Но, хотя последовал регулярный парламент — хотя квази-император был избран в лице эрцгерцога Иоанна Австрийского, и его путь, когда он направлялся во Франкфурт, был совершенным триумфальным шествием — хотя он выбрал своих министров, поставил их работать, и парламент прогрессировал со своей конституцией, и это продолжалось почти год, все же то, что проницательные министры некоторых суверенов, несомненно, предвидели и ждали, пришло. Радикалы опередили своих более мудрых и рациональных братьев и взялись за оружие. Они разрушили бы сразу те суверенитеты, которые умерли бы от медленного действия времени, если бы центральное правительство было полностью установлено и мудро управляемо. Но это новое правительство скорее совещалось, чем действовало.
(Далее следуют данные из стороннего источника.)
lemma case_definable_TSum:
  assumes "case_definable A1" "case_definable A2"
  shows "case_definable (TSum A1 A2)"
proof (rule case_definableI)
  fix \<Gamma> s C t
  assume fin: "finite (dom \<Gamma>)" and s: "typed \<Gamma> s (TSum A1 A2)"
    and t: "\<And>a. a \<in> sem (TSum A1 A2) \<Longrightarrow> typed \<Gamma> (t a) C"
  obtain x where x: "x \<notin> dom \<Gamma>" using ex_new_if_finite[OF infinite_UNIV_nat fin] by blast
  then have weaken: "\<Gamma> \<subseteq>\<^sub>m \<Gamma>(x \<mapsto> A)" for A by (auto simp: map_le_def)
  obtain u1 where u1: "typed (\<Gamma>(x \<mapsto> A1)) u1 C"
    "\<And>\<rho>. \<rho> x \<in> sem A1 \<Longrightarrow> eval \<rho> u1 = eval \<rho> (t (VIn1 (\<rho> x)))"
    by (rule case_definableE[OF assms(1), of "\<Gamma>(x \<mapsto> A1)" "Var x" "\<lambda>a. t (VIn1 a)"])
      (use fin weaken in \<open>auto intro: typed.t_var typed_weaken[OF t]\<close>)
  obtain u2 where u2: "typed (\<Gamma>(x \<mapsto> A2)) u2 C"
    "\<And>\<rho>. \<rho> x \<in> sem A2 \<Longrightarrow> eval \<rho> u2 = eval \<rho> (t (VIn2 (\<rho> x)))"
    by (rule case_definableE[OF assms(2), of "\<Gamma>(x \<mapsto> A2)" "Var x" "\<lambda>a. t (VIn2 a)"])
      (use fin weaken in \<open>auto intro: typed.t_var typed_weaken[OF t]\<close>)
  have "eval \<rho> (Match s x u1 x u2) = eval \<rho> (t (eval \<rho> s))"
    if "eval \<rho> s \<in> sem (TSum A1 A2)" for \<rho>
  proof -
    have "eval (\<rho>(x := a)) (t v) = eval \<rho> (t v)" if "v \<in> sem (TSum A1 A2)" for a v
      using eval_update_fresh[OF t[OF that] x] .
    with that show ?thesis using u1(2)[of "\<rho>(x := _)"] u2(2)[of "\<rho>(x := _)"] by auto
  qed
  moreover have "typed \<Gamma> (Match s x u1 x u2) C"
    using s u1(1) u2(1) by (rule typed.t_match)
  ultimately show "\<exists>u. typed \<Gamma> u C \<and> (\<forall>\<rho>. eval \<rho> s \<in> sem (TSum A1 A2) \<longrightarrow>
      eval \<rho> u = eval \<rho> (t (eval \<rho> s)))"
    by blast
qed
text \<open>The derivative in \<open>u\<close> of the quadratic part of \<open>cond_risk\<close> is nonnegative at \<open>\<Phi>\<^sub>*(t)\<close>:
  the rate factors multiply to at least \<open>(1 + t)\<^sup>2\<close>, and the larger weight goes with the
  larger factor.\<close>
lemma ln_rate_weighted_sum_nonneg:
  fixes s \<theta>1 \<theta>2 t :: real
  assumes s: "0 < s" and \<theta>: "0 < \<theta>1" "0 < \<theta>2" and t: "0 < t" "t < 1"
  shows "0 \<le> Gamma s * (1 / \<theta>1 + t / \<theta>2) powr (- s) * (ln (\<theta>1 * (1 / \<theta>1 + t / \<theta>2)) - ln (1 + t))
            + Gamma s * (1 / \<theta>2 + t / \<theta>1) powr (- s) * (ln (\<theta>2 * (1 / \<theta>2 + t / \<theta>1)) - ln (1 + t))"
proof (rule weighted_sum_nonneg)
  show "0 \<le> Gamma s * (1 / \<theta>1 + t / \<theta>2) powr (- s)" and "0 \<le> Gamma s * (1 / \<theta>2 + t / \<theta>1) powr (- s)"
    using Gamma_real_pos[OF s] by simp_all
  have "0 \<le> (\<theta>1 - \<theta>2)\<^sup>2"
    by simp
  then have "2 * \<theta>1 * \<theta>2 \<le> \<theta>1 * \<theta>1 + \<theta>2 * \<theta>2"
    by (simp add: power2_eq_square algebra_simps)
  then have "2 \<le> \<theta>1 / \<theta>2 + \<theta>2 / \<theta>1"
    using \<theta> by (simp add: field_simps)
  then have "t * 2 \<le> t * (\<theta>1 / \<theta>2 + \<theta>2 / \<theta>1)"
    using t by (intro mult_left_mono) auto
  moreover have "(\<theta>1 * (1 / \<theta>1 + t / \<theta>2)) * (\<theta>2 * (1 / \<theta>2 + t / \<theta>1))
      = 1 + t * (\<theta>1 / \<theta>2 + \<theta>2 / \<theta>1) + t * t"
    using \<theta> by (simp add: field_simps)
  moreover have "(1 + t) * (1 + t) = 1 + t * 2 + t * t"
    by (simp add: algebra_simps)
  ultimately have "(1 + t) * (1 + t) \<le> (\<theta>1 * (1 / \<theta>1 + t / \<theta>2)) * (\<theta>2 * (1 / \<theta>2 + t / \<theta>1))"
    by linarith
  then have "ln ((1 + t) * (1 + t)) \<le> ln ((\<theta>1 * (1 / \<theta>1 + t / \<theta>2)) * (\<theta>2 * (1 / \<theta>2 + t / \<theta>1)))"
    using t by (intro ln_mono) auto
  moreover have "ln ((\<theta>1 * (1 / \<theta>1 + t / \<theta>2)) * (\<theta>2 * (1 / \<theta>2 + t / \<theta>1)))
      = ln (\<theta>1 * (1 / \<theta>1 + t / \<theta>2)) + ln (\<theta>2 * (1 / \<theta>2 + t / \<theta>1))"
    using \<theta> t by (intro ln_mult_pos) (auto intro!: mult_pos_pos add_pos_pos)
  moreover have "ln ((1 + t) * (1 + t)) = ln (1 + t) + ln (1 + t)"
    using t by (intro ln_mult_pos) auto
  ultimately show "0 \<le> (ln (\<theta>1 * (1 / \<theta>1 + t / \<theta>2)) - ln (1 + t))
                       + (ln (\<theta>2 * (1 / \<theta>2 + t / \<theta>1)) - ln (1 + t))"
    by linarith
  show "Gamma s * (1 / \<theta>2 + t / \<theta>1) powr (- s) \<le> Gamma s * (1 / \<theta>1 + t / \<theta>2) powr (- s)
          \<and> 0 \<le> ln (\<theta>1 * (1 / \<theta>1 + t / \<theta>2)) - ln (1 + t)
      \<or> Gamma s * (1 / \<theta>1 + t / \<theta>2) powr (- s) \<le> Gamma s * (1 / \<theta>2 + t / \<theta>1) powr (- s)
          \<and> 0 \<le> ln (\<theta>2 * (1 / \<theta>2 + t / \<theta>1)) - ln (1 + t)"
    using gamma_weight_ln_rate_comonotone[OF s \<theta>(2) _ t] gamma_weight_ln_rate_comonotone[OF s \<theta>(1) _ t]
    by (cases "\<theta>2 \<le> \<theta>1") auto
qed

lemma cond_risk_Phi_star_le:
  fixes a \<theta>1 \<theta>2 t u :: real
  assumes a: "0 < a" and \<theta>: "0 < \<theta>1" "0 < \<theta>2" and t: "0 < t" "t < 1"
    and u: "Phi_star a t \<le> u"
  shows "cond_risk a \<theta>1 \<theta>2 (Phi_star a t) t \<le> cond_risk a \<theta>1 \<theta>2 u t"
    and "Phi_star a t < u \<Longrightarrow> cond_risk a \<theta>1 \<theta>2 (Phi_star a t) t < cond_risk a \<theta>1 \<theta>2 u t"
proof -
  define s where "s = 2 * a"
  define lA where "lA = 1 / \<theta>1 + t / \<theta>2"
  define lB where "lB = 1 / \<theta>2 + t / \<theta>1"
  define wA where "wA = Gamma s * lA powr (- s)"
  define wB where "wB = Gamma s * lB powr (- s)"
  define pA where "pA = Digamma s - ln (\<theta>1 * lA)"
  define pB where "pB = Digamma s - ln (\<theta>2 * lB)"
  define C where "C = 1 / (Gamma a ^ 2 * \<theta>1 powr a * \<theta>2 powr a) * t powr (a - 1)"
  define K where "K = gamma_ln_sq_moment s lA (Digamma s - ln lA) + gamma_ln_sq_moment s lB (Digamma s - ln lB)"
  have s: "0 < s" and l: "0 < lA" "0 < lB"
    using a \<theta> t by (auto simp: s_def lA_def lB_def intro!: add_pos_pos divide_pos_pos)
  have w: "0 < wA" "0 < wB"
    using l Gamma_real_pos[OF s] by (simp_all add: wA_def wB_def)
  have C: "0 < C"
    using Gamma_real_pos[OF a] \<theta> t by (simp add: C_def)
  have cond_risk_eq: "cond_risk a \<theta>1 \<theta>2 v t = C * (K + (wA * (v - pA)\<^sup>2 + wB * (v - pB)\<^sup>2))" for v
  proof -
    have "cond_risk a \<theta>1 \<theta>2 v t
        = C * (gamma_ln_sq_moment s lA (v + ln \<theta>1) + gamma_ln_sq_moment s lB (v + ln \<theta>2))"
      by (simp add: cond_risk_def C_def s_def lA_def lB_def)
    also have "\<dots> = C * (K + (wA * (v - pA)\<^sup>2 + wB * (v - pB)\<^sup>2))"
      using gamma_ln_sq_moment_eq[OF s l(1), of "v + ln \<theta>1"] gamma_ln_sq_moment_eq[OF s l(2), of "v + ln \<theta>2"]
        \<theta> l
      by (simp add: K_def wA_def wB_def pA_def pB_def ln_mult_pos algebra_simps)
    finally show ?thesis .
  qed
  have "0 \<le> wA * (Phi_star a t - pA) + wB * (Phi_star a t - pB)"
    using ln_rate_weighted_sum_nonneg[OF s \<theta> t]
    by (simp add: Phi_star_def wA_def wB_def pA_def pB_def lA_def lB_def s_def)
  note mono = weighted_sq_dist_mono[OF less_imp_le[OF w(1)] less_imp_le[OF w(2)] this u]
  show "cond_risk a \<theta>1 \<theta>2 (Phi_star a t) t \<le> cond_risk a \<theta>1 \<theta>2 u t"
    unfolding cond_risk_eq using mono(1) C by simp
  assume "Phi_star a t < u"
  then show "cond_risk a \<theta>1 \<theta>2 (Phi_star a t) t < cond_risk a \<theta>1 \<theta>2 u t"
    unfolding cond_risk_eq using mono(2) w C by simp
qed

lemma cond_risk_Phi_I_le:
  fixes a \<theta>1 \<theta>2 t :: real and c :: "real \<Rightarrow> real"
  assumes "0 < a" and "0 < \<theta>1" "0 < \<theta>2" and "0 < t" "t < 1"
  shows "cond_risk a \<theta>1 \<theta>2 (Phi_I a c t) t \<le> cond_risk a \<theta>1 \<theta>2 (c t) t"
    and "Phi_star a t < c t \<Longrightarrow> cond_risk a \<theta>1 \<theta>2 (Phi_I a c t) t < cond_risk a \<theta>1 \<theta>2 (c t) t"
  using cond_risk_Phi_star_le[OF assms, of "c t"] by (auto simp: Phi_I_def Phi_star_def)

section \<open>Risk of the truncated estimator\<close>

lemma risk_delta_eq_cond_risk_integral:
  assumes "0 < a" and "0 < \<theta>1" "0 < \<theta>2" and [measurable]: "c \<in> borel_measurable borel"
  shows "risk a \<theta>1 \<theta>2 (delta c) = enn2real (cond_risk_integral a \<theta>1 \<theta>2 c)"
  unfolding risk_def nn_integral_sq_error_joint[OF assms, symmetric]
  by (rule integral_eq_nn_integral) auto

lemma cond_risk_integral_finite:
  assumes "0 < a" and "0 < \<theta>1" "0 < \<theta>2" and [measurable]: "c \<in> borel_measurable borel"
    and "finite_risk a \<theta>1 \<theta>2 (delta c)"
  shows "cond_risk_integral a \<theta>1 \<theta>2 c < \<infinity>"
  using assms(5) unfolding finite_risk_def nn_integral_sq_error_joint[OF assms(1-4), symmetric]
  by (simp add: integrable_iff_bounded)

text \<open>If \<open>c\<close> is not Borel, \<open>delta c\<close> need not be measurable and its risk is then the junk
  value \<open>0\<close>; hence the unconditional inequality.\<close>
lemma risk_delta_cong:
  fixes c c' :: "real \<Rightarrow> real"
  assumes [measurable]: "c' \<in> borel_measurable borel" and eq: "\<forall>t\<in>{0<..1}. c t = c' t"
  shows "finite_risk a \<theta>1 \<theta>2 (delta c) \<Longrightarrow>
           finite_risk a \<theta>1 \<theta>2 (delta c') \<and> risk a \<theta>1 \<theta>2 (delta c) = risk a \<theta>1 \<theta>2 (delta c')"
    and "risk a \<theta>1 \<theta>2 (delta c) \<le> risk a \<theta>1 \<theta>2 (delta c')"
proof -
  have AE: "AE \<omega> in joint a \<theta>1 \<theta>2. (delta c \<omega> - H_S \<theta>1 \<theta>2 \<omega>)\<^sup>2 = (delta c' \<omega> - H_S \<theta>1 \<theta>2 \<omega>)\<^sup>2"
    using AE_joint_pos by eventually_elim (use T_in_Ioc eq in \<open>simp add: delta_def\<close>)
  have m': "(\<lambda>\<omega>. (delta c' \<omega> - H_S \<theta>1 \<theta>2 \<omega>)\<^sup>2) \<in> borel_measurable (joint a \<theta>1 \<theta>2)"
    by measurable
  show "finite_risk a \<theta>1 \<theta>2 (delta c') \<and> risk a \<theta>1 \<theta>2 (delta c) = risk a \<theta>1 \<theta>2 (delta c')"
    if "finite_risk a \<theta>1 \<theta>2 (delta c)"
    using that integrable_cong_AE_imp[OF _ m' AE] integral_cong_AE[OF _ m' AE]
    unfolding finite_risk_def risk_def by auto
  then show "risk a \<theta>1 \<theta>2 (delta c) \<le> risk a \<theta>1 \<theta>2 (delta c')"
    unfolding finite_risk_def risk_def
    by (cases "integrable (joint a \<theta>1 \<theta>2) (\<lambda>\<omega>. (delta c \<omega> - H_S \<theta>1 \<theta>2 \<omega>)\<^sup>2)")
      (simp_all add: not_integrable_integral_eq)
qed

lemma Phi_I_measurable [measurable]:
  assumes [measurable]: "c \<in> borel_measurable borel"
  shows "Phi_I a c \<in> borel_measurable borel"
  unfolding Phi_I_def[abs_def] by measurable

lemma cond_risk_integral_Phi_I_le:
  assumes "0 < a" and "0 < \<theta>1" "0 < \<theta>2"
  shows "cond_risk_integral a \<theta>1 \<theta>2 (Phi_I a c) \<le> cond_risk_integral a \<theta>1 \<theta>2 c"
  unfolding cond_risk_integral_def
proof (rule nn_integral_mono)
  fix t :: real
  show "indicator {0<..<1} t * ennreal (cond_risk a \<theta>1 \<theta>2 (Phi_I a c t) t)
      \<le> indicator {0<..<1} t * ennreal (cond_risk a \<theta>1 \<theta>2 (c t) t)"
    using cond_risk_Phi_I_le(1)[OF assms, of t c] by (cases "t \<in> {0<..<1}") (auto intro: ennreal_leI)
qed

lemma cond_risk_integral_Phi_I_less:
  assumes a: "0 < a" and \<theta>: "0 < \<theta>1" "0 < \<theta>2" and [measurable]: "c \<in> borel_measurable borel"
    and fin: "cond_risk_integral a \<theta>1 \<theta>2 c < \<infinity>"
    and not_AE: "\<not> (AE t in lborel. t \<in> {0<..<1} \<longrightarrow> c t \<le> Phi_star a t)"
  shows "cond_risk_integral a \<theta>1 \<theta>2 (Phi_I a c) < cond_risk_integral a \<theta>1 \<theta>2 c"
  unfolding cond_risk_integral_def
proof (rule nn_integral_less)
  show "(\<integral>\<^sup>+t. indicator {0<..<1} t * ennreal (cond_risk a \<theta>1 \<theta>2 (Phi_I a c t) t) \<partial>lborel) \<noteq> \<infinity>"
    using cond_risk_integral_Phi_I_le[OF a \<theta>, of c] fin unfolding cond_risk_integral_def by order
  show "AE t in lborel. indicator {0<..<1} t * ennreal (cond_risk a \<theta>1 \<theta>2 (Phi_I a c t) t)
      \<le> indicator {0<..<1} t * ennreal (cond_risk a \<theta>1 \<theta>2 (c t) t)"
    using cond_risk_Phi_I_le(1)[OF a \<theta>, of _ c]
    by (intro AE_I2) (auto simp: indicator_def intro: ennreal_leI)
  show "\<not> (AE t in lborel. indicator {0<..<1} t * ennreal (cond_risk a \<theta>1 \<theta>2 (c t) t)
             \<le> indicator {0<..<1} t * ennreal (cond_risk a \<theta>1 \<theta>2 (Phi_I a c t) t))"
  proof
    assume "AE t in lborel. indicator {0<..<1} t * ennreal (cond_risk a \<theta>1 \<theta>2 (c t) t)
             \<le> indicator {0<..<1} t * ennreal (cond_risk a \<theta>1 \<theta>2 (Phi_I a c t) t)"
    then have "AE t in lborel. t \<in> {0<..<1} \<longrightarrow> c t \<le> Phi_star a t"
    proof eventually_elim
      case (elim t)
      show ?case
      proof
        assume t: "t \<in> {0<..<1}"
        with elim have "cond_risk a \<theta>1 \<theta>2 (c t) t \<le> cond_risk a \<theta>1 \<theta>2 (Phi_I a c t) t"
          using cond_risk_nonneg[OF a \<theta>] by (simp add: ennreal_le_iff)
        with t show "c t \<le> Phi_star a t"
          using cond_risk_Phi_I_le(2)[OF a \<theta>, of t c] by fastforce
      qed
    qed
    with not_AE show False ..
  qed
qed measurable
То, что больше всего остального возбуждает немецкий ум — вопрос Шлезвиг-Гольштейна, идентифицированный, как он есть, с великим вопросом единства тевтонской расы — не было взято правительством во Франкфурте, а тем, что в Берлине. В то же время различные правительства Баварии, Пруссии и Австрии получили господство над своими собственными внутренними революциями, так что они могли действовать более свободно. Австрия отозвала домой своего эрцгерцога и своих членов во Франкфуртском парламенте, и, наконец, все движение утихло в старый порядок вещей.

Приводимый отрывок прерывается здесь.